Он взял одну фотографию — мы с ним лет семи и пяти, сидим на папиных коленях.
— Помнишь, как он нас катал на плечах? А мама пирожки пекла по воскресеньям?
— Помню, — голос мой дрожал.
— А помнишь, как мы в больнице дежурили, когда у папы инфаркт был? Ты тогда сказала: всё будет хорошо, Лёшка, не бойся.
Чайник закипел, я заварила чай. Руки дрожали.
— А потом я испугался, — продолжал Алексей. — Испугался ответственности, старости, болезней. Решил, что лучше вообще не приезжать, чем видеть, как они уходят.
— И что теперь? — спросила я, ставя перед ним чашку.
— А теперь поздно. Их нет, а я так и не попросил прощения. Не сказал, как люблю. Не обнял напоследок.
Мы сидели молча, пили чай, перебирали фотографии. Вот папа учит Алексея ездить на велосипеде. Вот мама заплетает мне косички. Вот мы все вместе на даче, счастливые, не знающие, что всё это когда-нибудь кончится.
— Ира, — сказал вдруг Алексей, — я не прошу прощения. Знаю, что не прощу себе никогда. Но можно… можно я иногда буду приезжать? Просто так, без повода. Чай пить, фотографии смотреть.
Я посмотрела на него — на исхудавшее лицо, на руки, которые теперь дрожали не от наглости, а от стыда. На брата, которого чуть не потеряла навсегда.
— Можно, — сказала я. — Дом большой, места хватит.
Он улыбнулся — впервые за много лет по-настоящему.
— А знаешь, что папа мне в последнем письме написал? — спросила я.
— Что ты тоже его сын. И что он надеется — когда-нибудь ты поймёшь, где твой настоящий дом.
Алексей заплакал. Тихо, не скрываясь. А я гладила его по голове, как тётя Клава в суде.
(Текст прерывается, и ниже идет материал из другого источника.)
lemma complete_group_I_infty:
  assumes G: "homeo_group G" and NL: "no_linked_fixed_points G"
  shows "complete_group (I_infty G)"
  unfolding complete_group_def
proof (intro conjI ballI allI impI)
  show "homeo_group (I_infty G)" using homeo_group_I_infty[OF G] .
  show "no_linked_fixed_points (I_infty G)"
    using no_linked_fixed_points_if_succ_pairs[OF NL succ_pair_I_infty[OF G NL]] .
  show "h \<in> I_infty G" if gh: "g \<in> I_infty G" "induced_by h g" for g h
  proof -
    obtain n where "g \<in> (I_op ^^ n) G" using gh(1) unfolding mem_I_infty_iff by blast
    then have "h \<in> induced_set ((I_op ^^ n) G)" using gh(2) unfolding induced_set_def by blast
    then have "h \<in> (I_op ^^ Suc n) G" using gen_group_superset unfolding I_op_eq by auto
    then show ?thesis unfolding mem_I_infty_iff by blast
  qed
qed

text \<open>A homeomorphism induced by g moves each point either nowhere or as g does.\<close>

lemma comp_list_induced_orbit:
  assumes K: "homeo_group K" and hs: "set hs \<subseteq> induced_set K"
  shows "\<exists>k\<in>K. comp_list hs x = k x"
  using hs
proof (induction hs)
  case Nil then show ?case using homeo_group_id[OF K] by (intro bexI[of _ id]) auto
next
  case (Cons h hs)
  then obtain k where k: "k \<in> K" "comp_list hs x = k x" by auto
  obtain g where g: "g \<in> K" "induced_by h g" using Cons.prems unfolding induced_set_def by auto
  have "h (k x) = k x \<or> h (k x) = g (k x)"
    using g(2) homeo_plus_outside[OF induced_by_homeo_plus[OF g(2)], of "k x"]
    unfolding induced_by_def by (cases "k x \<in> {0..1}") auto
  then show ?case
  proof
    assume "h (k x) = k x"
    then show ?case using k by auto
  next
    assume "h (k x) = g (k x)"
    then have "comp_list (h # hs) x = (g \<circ> k) x" using k by simp
    then show ?case using homeo_group_comp[OF K g(1) k(1)] by blast
  qed
qed

lemma I_op_power_orbit:
  assumes G: "homeo_group G"
  shows "w \<in> (I_op ^^ n) G \<Longrightarrow> \<exists>g\<in>G. w x = g x"
proof (induction n arbitrary: w x)
  case (Suc n)
  obtain hs where hs: "set hs \<subseteq> induced_set ((I_op ^^ n) G)" "w = comp_list hs"
    using I_op_comp_list[OF homeo_group_I_op_power[OF G]] Suc.prems by auto
  then obtain k where "k \<in> (I_op ^^ n) G" "w x = k x"
    using comp_list_induced_orbit[OF homeo_group_I_op_power[OF G] hs(1)] by auto
  then show ?case using Suc.IH by metis
qed auto

lemma I_infty_orbit:
  assumes G: "homeo_group G"
  shows "{g x | g. g \<in> I_infty G} = {g x | g. g \<in> G}"
proof
  show "{g x | g. g \<in> I_infty G} \<subseteq> {g x | g. g \<in> G}"
    using I_op_power_orbit[OF G] unfolding mem_I_infty_iff by fastforce
  show "{g x | g. g \<in> G} \<subseteq> {g x | g. g \<in> I_infty G}"
    using I_infty_superset by blast
qed

lemma I_infty_rel_transl_number:
  assumes G: "homeo_group G" and NL: "no_linked_fixed_points G"
    and s: "succ_pair G a b" and tau: "rel_transl_number (I_infty G) a b \<tau>"
  shows "\<tau> ` stab G a b = \<tau> ` stab (I_infty G) a b"
proof
  show "\<tau> ` stab G a b \<subseteq> \<tau> ` stab (I_infty G) a b"
    using I_infty_superset unfolding stab_def by blast
  have "\<tau> ` stab ((I_op ^^ n) G) a b \<subseteq> \<tau> ` stab G a b" for n
  proof (induction n)
    case (Suc n)
    let ?K = "(I_op ^^ n) G"
    have K: "homeo_group ?K" using homeo_group_I_op_power[OF G] .
    have nl: "no_linked_fixed_points ?K"
      using no_linked_fixed_points_if_succ_pairs[OF NL succ_pair_I_op_power[OF G NL]] .
    have KH: "?K \<subseteq> I_infty G" and IH: "I_op ?K \<subseteq> I_infty G"
      using I_op_power_subset_I_infty[of n G] I_op_power_subset_I_infty[of "Suc n" G] by simp_all
    have sK: "succ_pair ?K a b" using succ_pair_mono[OF I_op_power_mono[OF G, of 0 n]] s by simp
    show ?case
    proof
      fix t assume "t \<in> \<tau> ` stab ((I_op ^^ Suc n) G) a b"
      then obtain w where w: "w \<in> stab (I_op ?K) a b" "t = \<tau> w" by auto
      obtain g where "g \<in> stab ?K a b" "\<tau> w = \<tau> g"
        by (rule stab_I_op_rel_transl_number[OF K nl homeo_group_I_infty[OF G] KH IH tau sK w(1)])
      then show "t \<in> \<tau> ` stab G a b" using Suc.IH w(2) by blast
    qed
  qed simp
  then show "\<tau> ` stab (I_infty G) a b \<subseteq> \<tau> ` stab G a b"
    unfolding stab_def mem_I_infty_iff by blast
qed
И думала: вот она, настоящая победа. Не решение судьи, не документы в папке. А то, что мы снова вместе. Что семья, пусть и поздно, но восстановилась.
На кого оформлено — того и жильё. Но дом — это не квартира. Дом — это когда есть кому открыть дверь, заварить чай и простить даже непростимое.